So runs the lead article in the Christmas 1939 issue of Time magazine. Whiteside turns the Stanley household upside down, forcing everyone in town to cater to his egotistical demands. Meanwhile, his beloved secretary has given her notice after falling in love with a local reporter, and Whiteside must engage every weapon in his considerable arsenal of guile and manipulation to keep her in his employ—including blackmail, deceit, and the intervention of the fading sexpot actress Lorraine Sheldon and the elegant British wit of playwright Beverly Carlton. A three-ring circus of machinations and celebrity appearances ensues.

About the Play

Broadway critic, book reviewer, radio personality, lecturer, erstwhile actor, gourmand, taste-tester and taste-maker, the corpulent Alexander Woollcott wielded an opinion and a rapier-like wit that few could match. But, in the middle of the thirties, Woollcott had caught the acting bug as well. He demanded that Kaufman and Hart—personal and professional colleagues–concoct a vehicle for him. Kaufman and Hart hemmed and hawed for several months, but then Hart remembered a time when Woollcott made a surprise visit to Hart’s Bucks County estate. He commandeered Hart’s own bedroom, demanded the heat be turned off and requested a chocolate malted and a chocolate cake. The next morning after loudly excoriating the household staff for incompetence and dishonesty, Woollcott wrote in the guest book:

“I wish to say on my first visit to Moss Hart’s house, I had one of the most unpleasant evenings I can ever recall having spent.”

Hart wondered out loud what would have happened if Woollcott had broken his leg on the way out and been forced to bivouac perpetually in the house. The proverbial light went on.

“This can be a very funny play,” Hart told Kaufman. “All we have to have now are three very funny acts,” he replied.

They worked through the spring of 1939, incorporating as many bits of Woollcott’s personality into the character of Sheridan Whiteside as possible.

Hart wrote:

“In talking about Woollcott, we decided to use only public aspects of his character…his lectures, his broadcasts, his charm, his acidulousness, his interest in murders, and all of this had to be worked into the plot of the play.”

In the end, Woollcott balked at playing this version of himself.
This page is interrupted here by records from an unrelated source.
(* Fix a positive integer $N$ and nonzero real constants $W_S,W_T$. The map $\Gamma:(T^*D\times\mathbb{R}^2)^N\to\mathfrak p^*$, $$(\bm q^i,\bm p^i,S^{*i}_0,T^{*i}_0)_{i=1}^N\mapsto\Big(\sum_{i=1}^N\bm p^i\otimes\delta(\bm x-\bm q^i)\,dx\wedge dy,\ W_S\sum_{i=1}^NS^{*i}_0\,\delta(\bm x-\bm q^i)\,dx\wedge dy,\ W_T\sum_{i=1}^NT^{*i}_0\,\delta(\bm x-\bm q^i)\,dx\wedge dy\Big)$$ is a Poisson map, where $T^*D\times\mathbb{R}^2$ is the product of the canonical symplectic manifold $T^*D$ with the trivial Poisson manifold $\mathbb{R}^2$ (and $(T^*D\times\mathbb{R}^2)^N$ has the product structure), and $\mathfrak p^*$ carries its Lie–Poisson structure.
   Context: $D$ is the closed unit disc with coordinates $(x,y)$, $\bm x=(x,y)$. Lie algebra $\mathfrak p$: triples $X=(\bm U,S,T)$ with $S,T$ smooth functions on $D$ and $\bm U$ a vector field on $D$ with $xU^x+yU^y=0$ on $\partial D$; bracket $[X_1,X_2]=-([\bm U_1,\bm U_2],\mathcal L_{\bm U_1}S_2-\mathcal L_{\bm U_2}S_1,\mathcal L_{\bm U_1}T_2-\mathcal L_{\bm U_2}T_1)$. Dual $\mathfrak p^*$: triples $X^*=(\bm U^*,S^*,T^* )$ with $S^*=\sigma\,dx\wedge dy$, $T^*=\tau\,dx\wedge dy$ distributional 2-forms and $\bm U^*=(U_xdx+U_ydy)\otimes(dx\wedge dy)$ a distributional 1-form density (with tangential boundary condition $xU_x+yU_y=0$ on $\partial D$); pairing $\langle X^*,X\rangle=\int_D(U_iU^i+\sigma S+\tau T)\,dx\,dy$; functional derivative $\delta F/\delta X^*\in\mathfrak p$ defined by $\frac{d}{d\lambda}|_0F(X^*+\lambda\delta X^* )=\langle\delta X^*,\delta F/\delta X^*\rangle$; Lie–Poisson bracket $\{F,G\}(X^* )=\langle X^*,[\delta F/\delta X^*,\delta G/\delta X^*]\rangle$. On $T^*D\times\mathbb{R}^2\ni(\bm q,\bm p,S_0^*,T_0^* )$ the bracket is $\{f,g\}=\partial_{\bm q}f\cdot\partial_{\bm p}g-\partial_{\bm q}g\cdot\partial_{\bm p}f$; for $\bm q\in\partial D$, momentum is defined modulo vectors normal to $\partial D$. *)

theory Defs
  imports "HOL-Analysis.Analysis"
begin

type_synonym pt = "real^2"

definition D :: "pt set" where "D = cball 0 1"

definition pdiff :: "2 \<Rightarrow> (pt \<Rightarrow> real) \<Rightarrow> pt \<Rightarrow> real" where
  "pdiff i f x = frechet_derivative f (at x) (axis i 1)"

definition smooth_on :: "pt set \<Rightarrow> (pt \<Rightarrow> real) \<Rightarrow> bool" where
  "smooth_on S f \<longleftrightarrow> (\<forall>is. (fold pdiff is f) differentiable_on S)"

definition smooth_D :: "(pt \<Rightarrow> real) \<Rightarrow> bool" where
  "smooth_D f \<longleftrightarrow> (\<exists>S g. open S \<and> D \<subseteq> S \<and> smooth_on S g \<and> (\<forall>x\<in>D. f x = g x))
                  \<and> (\<forall>x. x \<notin> D \<longrightarrow> f x = 0)"

type_synonym pelem = "(pt \<Rightarrow> pt) \<times> (pt \<Rightarrow> real) \<times> (pt \<Rightarrow> real)"

definition in_p :: "pelem \<Rightarrow> bool" where
  "in_p X = (case X of (U, S, T) \<Rightarrow>
     (\<forall>j. smooth_D (\<lambda>x. U x $ j)) \<and> smooth_D S \<and> smooth_D T \<and>
     (\<forall>x. norm x = 1 \<longrightarrow> x \<bullet> U x = 0))"

text \<open>Derivative on D (within D, so meaningful up to the boundary).\<close>
definition dD :: "(pt \<Rightarrow> 'b::real_normed_vector) \<Rightarrow> pt \<Rightarrow> pt \<Rightarrow> 'b" where
  "dD f x v = frechet_derivative f (at x within D) v"

definition vbr :: "(pt \<Rightarrow> pt) \<Rightarrow> (pt \<Rightarrow> pt) \<Rightarrow> pt \<Rightarrow> pt" where
  "vbr U1 U2 x = dD U2 x (U1 x) - dD U1 x (U2 x)"

definition lieD :: "(pt \<Rightarrow> pt) \<Rightarrow> (pt \<Rightarrow> real) \<Rightarrow> pt \<Rightarrow> real" where
  "lieD U S x = dD S x (U x)"

definition pbr :: "pelem \<Rightarrow> pelem \<Rightarrow> pelem" where
  "pbr X1 X2 = (case X1 of (U1, S1, T1) \<Rightarrow> case X2 of (U2, S2, T2) \<Rightarrow>
     ((\<lambda>x. if x \<in> D then - vbr U1 U2 x else 0),
      (\<lambda>x. if x \<in> D then - (lieD U1 S2 x - lieD U2 S1 x) else 0),
      (\<lambda>x. if x \<in> D then - (lieD U1 T2 x - lieD U2 T1 x) else 0)))"

definition plin :: "real \<Rightarrow> pelem \<Rightarrow> real \<Rightarrow> pelem \<Rightarrow> pelem" where
  "plin a X b Y = (case X of (U1, S1, T1) \<Rightarrow> case Y of (U2, S2, T2) \<Rightarrow>
     ((\<lambda>x. a *\<^sub>R U1 x + b *\<^sub>R U2 x), (\<lambda>x. a * S1 x + b * S2 x), (\<lambda>x. a * T1 x + b * T2 x)))"

type_synonym pstar = "pelem \<Rightarrow> real"

definition in_pstar :: "pstar \<Rightarrow> bool" where
  "in_pstar Xs \<longleftrightarrow>
     (\<forall>X Y a b. in_p X \<longrightarrow> in_p Y \<longrightarrow> Xs (plin a X b Y) = a * Xs X + b * Xs Y) \<and>
     (\<forall>X. \<not> in_p X \<longrightarrow> Xs X = 0)"

definition wcurve :: "real set \<Rightarrow> (real \<Rightarrow> pstar) \<Rightarrow> (real \<Rightarrow> pstar) \<Rightarrow> bool" where
  "wcurve I c c' \<longleftrightarrow> (\<forall>\<mu>\<in>I. in_pstar (c \<mu>) \<and> in_pstar (c' \<mu>)) \<and>
     (\<forall>\<mu>\<in>I. \<forall>X. in_p X \<longrightarrow> ((\<lambda>\<nu>. c \<nu> X) has_real_derivative c' \<mu> X) (at \<mu> within I))"

definition has_fderiv :: "(pstar \<Rightarrow> real) \<Rightarrow> (pstar \<Rightarrow> pelem) \<Rightarrow> bool" where
  "has_fderiv F dF \<longleftrightarrow> (\<forall>Xs. in_pstar Xs \<longrightarrow> in_p (dF Xs)) \<and>
     (\<forall>I c c' \<mu>. wcurve I c c' \<longrightarrow> \<mu> \<in> I \<longrightarrow>
        ((\<lambda>\<nu>. F (c \<nu>)) has_real_derivative c' \<mu> (dF (c \<mu>))) (at \<mu> within I))"

definition lp_br :: "(pstar \<Rightarrow> pelem) \<Rightarrow> (pstar \<Rightarrow> pelem) \<Rightarrow> pstar \<Rightarrow> real" where
  "lp_br dF dG Xs = Xs (pbr (dF Xs) (dG Xs))"

definition Gamma :: "nat \<Rightarrow> real \<Rightarrow> real \<Rightarrow> (nat \<Rightarrow> pt) \<Rightarrow> (nat \<Rightarrow> pt) \<Rightarrow> (nat \<Rightarrow> real)
    \<Rightarrow> (nat \<Rightarrow> real) \<Rightarrow> pstar" where
  "Gamma N WS WT q p s t = (\<lambda>X. if in_p X then (case X of (U, S, T) \<Rightarrow>
      (\<Sum>i<N. p i \<bullet> U (q i) + WS * s i * S (q i) + WT * t i * T (q i))) else 0)"

type_synonym phasefun = "(nat \<Rightarrow> pt) \<Rightarrow> (nat \<Rightarrow> pt) \<Rightarrow> (nat \<Rightarrow> real) \<Rightarrow> (nat \<Rightarrow> real) \<Rightarrow> real"

definition grad_q :: "phasefun \<Rightarrow> nat \<Rightarrow> (nat \<Rightarrow> pt) \<Rightarrow> (nat \<Rightarrow> pt) \<Rightarrow> (nat \<Rightarrow> real)
    \<Rightarrow> (nat \<Rightarrow> real) \<Rightarrow> pt" where
  "grad_q f i q p s t =
     (\<chi> j. frechet_derivative (\<lambda>v. f (q(i := v)) p s t) (at (q i) within D) (axis j 1))"

definition grad_p :: "phasefun \<Rightarrow> nat \<Rightarrow> (nat \<Rightarrow> pt) \<Rightarrow> (nat \<Rightarrow> pt) \<Rightarrow> (nat \<Rightarrow> real)
    \<Rightarrow> (nat \<Rightarrow> real) \<Rightarrow> pt" where
  "grad_p f i q p s t =
     (\<chi> j. frechet_derivative (\<lambda>v. f q (p(i := v)) s t) (at (p i)) (axis j 1))"

text \<open>Canonical bracket on (T*D)^N times the trivial bracket on (R^2)^N.\<close>
definition phase_br :: "nat \<Rightarrow> phasefun \<Rightarrow> phasefun \<Rightarrow> (nat \<Rightarrow> pt) \<Rightarrow> (nat \<Rightarrow> pt)
    \<Rightarrow> (nat \<Rightarrow> real) \<Rightarrow> (nat \<Rightarrow> real) \<Rightarrow> real" where
  "phase_br N f g q p s t = (\<Sum>i<N. grad_q f i q p s t \<bullet> grad_p g i q p s t
                                  - grad_q g i q p s t \<bullet> grad_p f i q p s t)"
Relieved, the authors bandied about the names of John Barrymore, Adolphe Menjou, and Robert Morley before settling on Monty Woolley, a Yale professor and actor. Woollcott eventually starred in the second touring company on the West Coast. After the curtain calls, he would often step down to the footlights and say to the thrilled audience in his nasal, high-pitched, imperious voice:

“It’s not true that this role of the obnoxious Sheridan Whiteside was patterned after me. Whiteside is merely a composite of the better qualities of the play’s two authors.”

Stage history

The Man Who Came to Dinner rolled onto Broadway at the Music Box Theatre on October 16, 1939. It became an overnight smash hit and stayed, rather like Whiteside, for a protracted visit of 739 performances. (During its Boston tryout, Paris had fallen to the Nazis, forcing a last-minute revision to the script where a phone call from Whiteside to Gertrude Stein in Paris became, instead, a call to Walt Disney in Hollywood.) A national touring company featuring Clifton Webb was also successful. Once its success had been assured, Woollcott became stage-hungry again.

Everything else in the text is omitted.